** INSTRUCTIONS TO FOLLOW **
Where does "longleftrightarrow" occur in the listing? Copy every line that holds it.

** THE DATA **
════════════════

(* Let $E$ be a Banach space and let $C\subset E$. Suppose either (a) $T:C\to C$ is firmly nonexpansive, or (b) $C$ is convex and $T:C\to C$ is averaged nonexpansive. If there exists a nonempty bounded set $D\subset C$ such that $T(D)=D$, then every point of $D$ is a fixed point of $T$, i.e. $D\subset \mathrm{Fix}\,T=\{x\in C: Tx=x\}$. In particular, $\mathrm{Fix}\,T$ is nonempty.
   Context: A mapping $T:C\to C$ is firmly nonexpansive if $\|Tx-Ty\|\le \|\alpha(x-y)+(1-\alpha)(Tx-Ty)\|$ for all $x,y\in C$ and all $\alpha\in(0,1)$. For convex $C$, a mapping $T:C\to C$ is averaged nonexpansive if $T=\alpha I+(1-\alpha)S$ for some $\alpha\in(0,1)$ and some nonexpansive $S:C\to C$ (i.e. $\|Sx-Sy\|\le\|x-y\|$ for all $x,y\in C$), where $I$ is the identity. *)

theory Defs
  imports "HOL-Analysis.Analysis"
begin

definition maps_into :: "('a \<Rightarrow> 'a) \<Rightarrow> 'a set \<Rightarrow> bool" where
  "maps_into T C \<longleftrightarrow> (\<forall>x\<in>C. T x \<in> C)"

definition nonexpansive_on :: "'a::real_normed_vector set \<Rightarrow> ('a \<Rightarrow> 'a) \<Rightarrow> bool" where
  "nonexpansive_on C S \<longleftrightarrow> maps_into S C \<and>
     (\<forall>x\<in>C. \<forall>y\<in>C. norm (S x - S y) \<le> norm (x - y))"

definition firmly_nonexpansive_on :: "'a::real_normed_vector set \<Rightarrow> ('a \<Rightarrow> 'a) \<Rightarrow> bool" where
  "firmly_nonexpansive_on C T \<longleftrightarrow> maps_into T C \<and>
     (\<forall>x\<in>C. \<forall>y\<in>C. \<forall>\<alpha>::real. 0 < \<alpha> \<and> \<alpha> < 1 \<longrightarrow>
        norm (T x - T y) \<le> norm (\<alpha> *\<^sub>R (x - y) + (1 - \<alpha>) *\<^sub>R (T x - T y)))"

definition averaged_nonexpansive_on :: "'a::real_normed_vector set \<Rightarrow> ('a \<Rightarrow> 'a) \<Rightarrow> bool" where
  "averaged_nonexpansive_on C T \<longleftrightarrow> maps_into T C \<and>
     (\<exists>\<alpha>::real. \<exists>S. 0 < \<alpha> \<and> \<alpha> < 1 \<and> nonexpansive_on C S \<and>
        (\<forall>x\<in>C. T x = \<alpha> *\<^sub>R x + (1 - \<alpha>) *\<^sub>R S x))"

════════════════

** OUTPUT **
  "maps_into T C \<longleftrightarrow> (\<forall>x\<in>C. T x \<in> C)"
  "nonexpansive_on C S \<longleftrightarrow> maps_into S C \<and>
  "firmly_nonexpansive_on C T \<longleftrightarrow> maps_into T C \<and>
  "averaged_nonexpansive_on C T \<longleftrightarrow> maps_into T C \<and>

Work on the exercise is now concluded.